WORK REQUEST
Below is a listing. Output every line of it exactly.

- Opening Delimiter -

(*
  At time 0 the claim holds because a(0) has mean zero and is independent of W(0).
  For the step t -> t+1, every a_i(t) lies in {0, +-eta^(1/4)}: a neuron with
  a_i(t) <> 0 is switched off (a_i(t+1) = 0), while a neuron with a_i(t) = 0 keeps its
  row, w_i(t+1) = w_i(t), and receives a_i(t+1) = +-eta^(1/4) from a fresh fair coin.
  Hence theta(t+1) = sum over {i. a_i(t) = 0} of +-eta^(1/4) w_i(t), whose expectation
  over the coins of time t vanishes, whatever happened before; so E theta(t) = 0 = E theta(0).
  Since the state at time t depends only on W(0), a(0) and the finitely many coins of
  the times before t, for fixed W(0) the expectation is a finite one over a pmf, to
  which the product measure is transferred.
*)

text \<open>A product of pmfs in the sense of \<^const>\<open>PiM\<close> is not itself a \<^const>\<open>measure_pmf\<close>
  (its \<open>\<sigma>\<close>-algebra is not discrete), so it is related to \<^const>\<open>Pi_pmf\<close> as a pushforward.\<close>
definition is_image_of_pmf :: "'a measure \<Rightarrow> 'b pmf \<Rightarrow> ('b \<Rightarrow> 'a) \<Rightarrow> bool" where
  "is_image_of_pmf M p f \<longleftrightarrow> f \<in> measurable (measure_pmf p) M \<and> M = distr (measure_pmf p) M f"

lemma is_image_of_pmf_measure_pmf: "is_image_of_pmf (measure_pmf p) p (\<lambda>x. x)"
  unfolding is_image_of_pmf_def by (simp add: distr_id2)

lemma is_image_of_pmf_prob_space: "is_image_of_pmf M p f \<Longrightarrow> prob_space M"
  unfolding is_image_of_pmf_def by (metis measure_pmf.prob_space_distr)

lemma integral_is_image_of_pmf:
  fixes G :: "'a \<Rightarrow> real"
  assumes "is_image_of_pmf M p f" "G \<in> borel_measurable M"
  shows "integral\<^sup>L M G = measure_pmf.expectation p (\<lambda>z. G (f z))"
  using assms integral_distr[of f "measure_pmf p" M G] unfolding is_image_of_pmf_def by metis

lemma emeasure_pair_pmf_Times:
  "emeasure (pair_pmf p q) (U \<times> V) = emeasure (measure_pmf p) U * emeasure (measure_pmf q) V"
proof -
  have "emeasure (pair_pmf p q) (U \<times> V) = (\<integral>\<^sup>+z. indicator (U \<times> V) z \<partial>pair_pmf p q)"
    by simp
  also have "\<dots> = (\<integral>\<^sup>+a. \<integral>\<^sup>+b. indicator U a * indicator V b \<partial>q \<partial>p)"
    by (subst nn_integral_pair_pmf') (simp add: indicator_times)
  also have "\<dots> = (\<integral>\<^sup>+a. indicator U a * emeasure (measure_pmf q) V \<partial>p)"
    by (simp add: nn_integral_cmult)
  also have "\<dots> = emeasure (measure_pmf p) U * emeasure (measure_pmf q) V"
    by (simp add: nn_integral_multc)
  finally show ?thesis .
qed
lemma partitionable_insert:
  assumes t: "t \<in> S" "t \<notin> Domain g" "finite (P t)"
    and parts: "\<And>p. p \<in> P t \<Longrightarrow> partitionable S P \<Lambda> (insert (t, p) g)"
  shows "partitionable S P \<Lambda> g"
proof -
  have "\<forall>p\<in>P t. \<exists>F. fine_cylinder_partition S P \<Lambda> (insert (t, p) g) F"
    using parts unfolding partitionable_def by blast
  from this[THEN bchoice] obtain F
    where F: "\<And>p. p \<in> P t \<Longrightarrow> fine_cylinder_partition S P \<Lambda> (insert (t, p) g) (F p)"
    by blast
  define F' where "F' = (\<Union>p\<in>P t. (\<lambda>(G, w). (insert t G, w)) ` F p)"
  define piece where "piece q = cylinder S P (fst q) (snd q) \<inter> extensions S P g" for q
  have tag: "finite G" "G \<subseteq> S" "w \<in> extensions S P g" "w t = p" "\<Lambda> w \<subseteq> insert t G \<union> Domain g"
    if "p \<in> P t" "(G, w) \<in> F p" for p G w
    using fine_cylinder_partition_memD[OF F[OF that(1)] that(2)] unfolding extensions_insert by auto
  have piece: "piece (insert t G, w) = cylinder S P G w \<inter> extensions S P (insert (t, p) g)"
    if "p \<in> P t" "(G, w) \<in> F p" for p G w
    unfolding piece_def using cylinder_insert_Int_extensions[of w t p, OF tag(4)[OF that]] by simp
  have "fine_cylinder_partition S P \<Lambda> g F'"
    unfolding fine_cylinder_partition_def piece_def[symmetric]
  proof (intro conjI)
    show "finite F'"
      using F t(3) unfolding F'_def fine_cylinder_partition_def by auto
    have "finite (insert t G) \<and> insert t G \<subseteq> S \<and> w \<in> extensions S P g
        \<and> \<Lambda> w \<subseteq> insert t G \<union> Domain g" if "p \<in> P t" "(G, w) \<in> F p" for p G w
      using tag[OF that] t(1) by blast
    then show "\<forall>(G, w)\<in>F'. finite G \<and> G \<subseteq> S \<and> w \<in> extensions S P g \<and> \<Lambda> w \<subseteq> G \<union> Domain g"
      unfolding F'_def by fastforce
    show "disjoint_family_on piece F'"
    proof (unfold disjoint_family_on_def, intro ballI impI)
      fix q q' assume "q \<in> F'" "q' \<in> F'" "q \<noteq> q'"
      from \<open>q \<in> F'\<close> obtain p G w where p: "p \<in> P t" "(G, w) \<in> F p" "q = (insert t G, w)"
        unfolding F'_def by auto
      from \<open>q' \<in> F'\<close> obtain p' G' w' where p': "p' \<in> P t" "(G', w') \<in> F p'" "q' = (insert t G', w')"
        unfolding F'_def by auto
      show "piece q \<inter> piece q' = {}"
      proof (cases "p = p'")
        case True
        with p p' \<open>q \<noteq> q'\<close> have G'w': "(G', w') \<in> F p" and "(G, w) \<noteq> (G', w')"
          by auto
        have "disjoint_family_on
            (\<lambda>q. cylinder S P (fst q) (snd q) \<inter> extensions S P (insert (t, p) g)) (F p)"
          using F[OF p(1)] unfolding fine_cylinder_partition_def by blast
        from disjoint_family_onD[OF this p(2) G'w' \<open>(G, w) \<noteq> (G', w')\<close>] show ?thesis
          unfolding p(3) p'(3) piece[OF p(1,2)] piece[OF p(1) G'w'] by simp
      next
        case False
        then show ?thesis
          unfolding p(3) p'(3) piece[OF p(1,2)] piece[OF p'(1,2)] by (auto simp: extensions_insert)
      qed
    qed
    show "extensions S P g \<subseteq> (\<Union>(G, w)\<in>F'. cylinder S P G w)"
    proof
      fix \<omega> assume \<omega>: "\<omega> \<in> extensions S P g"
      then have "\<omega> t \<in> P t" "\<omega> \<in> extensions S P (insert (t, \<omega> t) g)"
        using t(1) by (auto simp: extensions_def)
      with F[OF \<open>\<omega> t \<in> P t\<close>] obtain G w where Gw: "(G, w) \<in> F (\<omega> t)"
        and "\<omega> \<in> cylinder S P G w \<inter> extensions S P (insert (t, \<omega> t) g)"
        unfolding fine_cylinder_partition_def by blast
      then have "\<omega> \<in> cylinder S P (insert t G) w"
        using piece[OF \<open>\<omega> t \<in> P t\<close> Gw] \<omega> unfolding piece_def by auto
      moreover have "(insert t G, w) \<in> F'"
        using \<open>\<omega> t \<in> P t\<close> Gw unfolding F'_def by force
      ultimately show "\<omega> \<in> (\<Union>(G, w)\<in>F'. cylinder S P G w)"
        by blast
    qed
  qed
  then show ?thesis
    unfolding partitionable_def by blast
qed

- Closing Delimiter -

RESULT OF THE TASK
(*
  At time 0 the claim holds because a(0) has mean zero and is independent of W(0).
  For the step t -> t+1, every a_i(t) lies in {0, +-eta^(1/4)}: a neuron with
  a_i(t) <> 0 is switched off (a_i(t+1) = 0), while a neuron with a_i(t) = 0 keeps its
  row, w_i(t+1) = w_i(t), and receives a_i(t+1) = +-eta^(1/4) from a fresh fair coin.
  Hence theta(t+1) = sum over {i. a_i(t) = 0} of +-eta^(1/4) w_i(t), whose expectation
  over the coins of time t vanishes, whatever happened before; so E theta(t) = 0 = E theta(0).
  Since the state at time t depends only on W(0), a(0) and the finitely many coins of
  the times before t, for fixed W(0) the expectation is a finite one over a pmf, to
  which the product measure is transferred.
*)

text \<open>A product of pmfs in the sense of \<^const>\<open>PiM\<close> is not itself a \<^const>\<open>measure_pmf\<close>
  (its \<open>\<sigma>\<close>-algebra is not discrete), so it is related to \<^const>\<open>Pi_pmf\<close> as a pushforward.\<close>
definition is_image_of_pmf :: "'a measure \<Rightarrow> 'b pmf \<Rightarrow> ('b \<Rightarrow> 'a) \<Rightarrow> bool" where
  "is_image_of_pmf M p f \<longleftrightarrow> f \<in> measurable (measure_pmf p) M \<and> M = distr (measure_pmf p) M f"

lemma is_image_of_pmf_measure_pmf: "is_image_of_pmf (measure_pmf p) p (\<lambda>x. x)"
  unfolding is_image_of_pmf_def by (simp add: distr_id2)

lemma is_image_of_pmf_prob_space: "is_image_of_pmf M p f \<Longrightarrow> prob_space M"
  unfolding is_image_of_pmf_def by (metis measure_pmf.prob_space_distr)

lemma integral_is_image_of_pmf:
  fixes G :: "'a \<Rightarrow> real"
  assumes "is_image_of_pmf M p f" "G \<in> borel_measurable M"
  shows "integral\<^sup>L M G = measure_pmf.expectation p (\<lambda>z. G (f z))"
  using assms integral_distr[of f "measure_pmf p" M G] unfolding is_image_of_pmf_def by metis

lemma emeasure_pair_pmf_Times:
  "emeasure (pair_pmf p q) (U \<times> V) = emeasure (measure_pmf p) U * emeasure (measure_pmf q) V"
proof -
  have "emeasure (pair_pmf p q) (U \<times> V) = (\<integral>\<^sup>+z. indicator (U \<times> V) z \<partial>pair_pmf p q)"
    by simp
  also have "\<dots> = (\<integral>\<^sup>+a. \<integral>\<^sup>+b. indicator U a * indicator V b \<partial>q \<partial>p)"
    by (subst nn_integral_pair_pmf') (simp add: indicator_times)
  also have "\<dots> = (\<integral>\<^sup>+a. indicator U a * emeasure (measure_pmf q) V \<partial>p)"
    by (simp add: nn_integral_cmult)
  also have "\<dots> = emeasure (measure_pmf p) U * emeasure (measure_pmf q) V"
    by (simp add: nn_integral_multc)
  finally show ?thesis .
qed
lemma partitionable_insert:
  assumes t: "t \<in> S" "t \<notin> Domain g" "finite (P t)"
    and parts: "\<And>p. p \<in> P t \<Longrightarrow> partitionable S P \<Lambda> (insert (t, p) g)"
  shows "partitionable S P \<Lambda> g"
proof -
  have "\<forall>p\<in>P t. \<exists>F. fine_cylinder_partition S P \<Lambda> (insert (t, p) g) F"
    using parts unfolding partitionable_def by blast
  from this[THEN bchoice] obtain F
    where F: "\<And>p. p \<in> P t \<Longrightarrow> fine_cylinder_partition S P \<Lambda> (insert (t, p) g) (F p)"
    by blast
  define F' where "F' = (\<Union>p\<in>P t. (\<lambda>(G, w). (insert t G, w)) ` F p)"
  define piece where "piece q = cylinder S P (fst q) (snd q) \<inter> extensions S P g" for q
  have tag: "finite G" "G \<subseteq> S" "w \<in> extensions S P g" "w t = p" "\<Lambda> w \<subseteq> insert t G \<union> Domain g"
    if "p \<in> P t" "(G, w) \<in> F p" for p G w
    using fine_cylinder_partition_memD[OF F[OF that(1)] that(2)] unfolding extensions_insert by auto
  have piece: "piece (insert t G, w) = cylinder S P G w \<inter> extensions S P (insert (t, p) g)"
    if "p \<in> P t" "(G, w) \<in> F p" for p G w
    unfolding piece_def using cylinder_insert_Int_extensions[of w t p, OF tag(4)[OF that]] by simp
  have "fine_cylinder_partition S P \<Lambda> g F'"
    unfolding fine_cylinder_partition_def piece_def[symmetric]
  proof (intro conjI)
    show "finite F'"
      using F t(3) unfolding F'_def fine_cylinder_partition_def by auto
    have "finite (insert t G) \<and> insert t G \<subseteq> S \<and> w \<in> extensions S P g
        \<and> \<Lambda> w \<subseteq> insert t G \<union> Domain g" if "p \<in> P t" "(G, w) \<in> F p" for p G w
      using tag[OF that] t(1) by blast
    then show "\<forall>(G, w)\<in>F'. finite G \<and> G \<subseteq> S \<and> w \<in> extensions S P g \<and> \<Lambda> w \<subseteq> G \<union> Domain g"
      unfolding F'_def by fastforce
    show "disjoint_family_on piece F'"
    proof (unfold disjoint_family_on_def, intro ballI impI)
      fix q q' assume "q \<in> F'" "q' \<in> F'" "q \<noteq> q'"
      from \<open>q \<in> F'\<close> obtain p G w where p: "p \<in> P t" "(G, w) \<in> F p" "q = (insert t G, w)"
        unfolding F'_def by auto
      from \<open>q' \<in> F'\<close> obtain p' G' w' where p': "p' \<in> P t" "(G', w') \<in> F p'" "q' = (insert t G', w')"
        unfolding F'_def by auto
      show "piece q \<inter> piece q' = {}"
      proof (cases "p = p'")
        case True
        with p p' \<open>q \<noteq> q'\<close> have G'w': "(G', w') \<in> F p" and "(G, w) \<noteq> (G', w')"
          by auto
        have "disjoint_family_on
            (\<lambda>q. cylinder S P (fst q) (snd q) \<inter> extensions S P (insert (t, p) g)) (F p)"
          using F[OF p(1)] unfolding fine_cylinder_partition_def by blast
        from disjoint_family_onD[OF this p(2) G'w' \<open>(G, w) \<noteq> (G', w')\<close>] show ?thesis
          unfolding p(3) p'(3) piece[OF p(1,2)] piece[OF p(1) G'w'] by simp
      next
        case False
        then show ?thesis
          unfolding p(3) p'(3) piece[OF p(1,2)] piece[OF p'(1,2)] by (auto simp: extensions_insert)
      qed
    qed
    show "extensions S P g \<subseteq> (\<Union>(G, w)\<in>F'. cylinder S P G w)"
    proof
      fix \<omega> assume \<omega>: "\<omega> \<in> extensions S P g"
      then have "\<omega> t \<in> P t" "\<omega> \<in> extensions S P (insert (t, \<omega> t) g)"
        using t(1) by (auto simp: extensions_def)
      with F[OF \<open>\<omega> t \<in> P t\<close>] obtain G w where Gw: "(G, w) \<in> F (\<omega> t)"
        and "\<omega> \<in> cylinder S P G w \<inter> extensions S P (insert (t, \<omega> t) g)"
        unfolding fine_cylinder_partition_def by blast
      then have "\<omega> \<in> cylinder S P (insert t G) w"
        using piece[OF \<open>\<omega> t \<in> P t\<close> Gw] \<omega> unfolding piece_def by auto
      moreover have "(insert t G, w) \<in> F'"
        using \<open>\<omega> t \<in> P t\<close> Gw unfolding F'_def by force
      ultimately show "\<omega> \<in> (\<Union>(G, w)\<in>F'. cylinder S P G w)"
        by blast
    qed
  qed
  then show ?thesis
    unfolding partitionable_def by blast
qed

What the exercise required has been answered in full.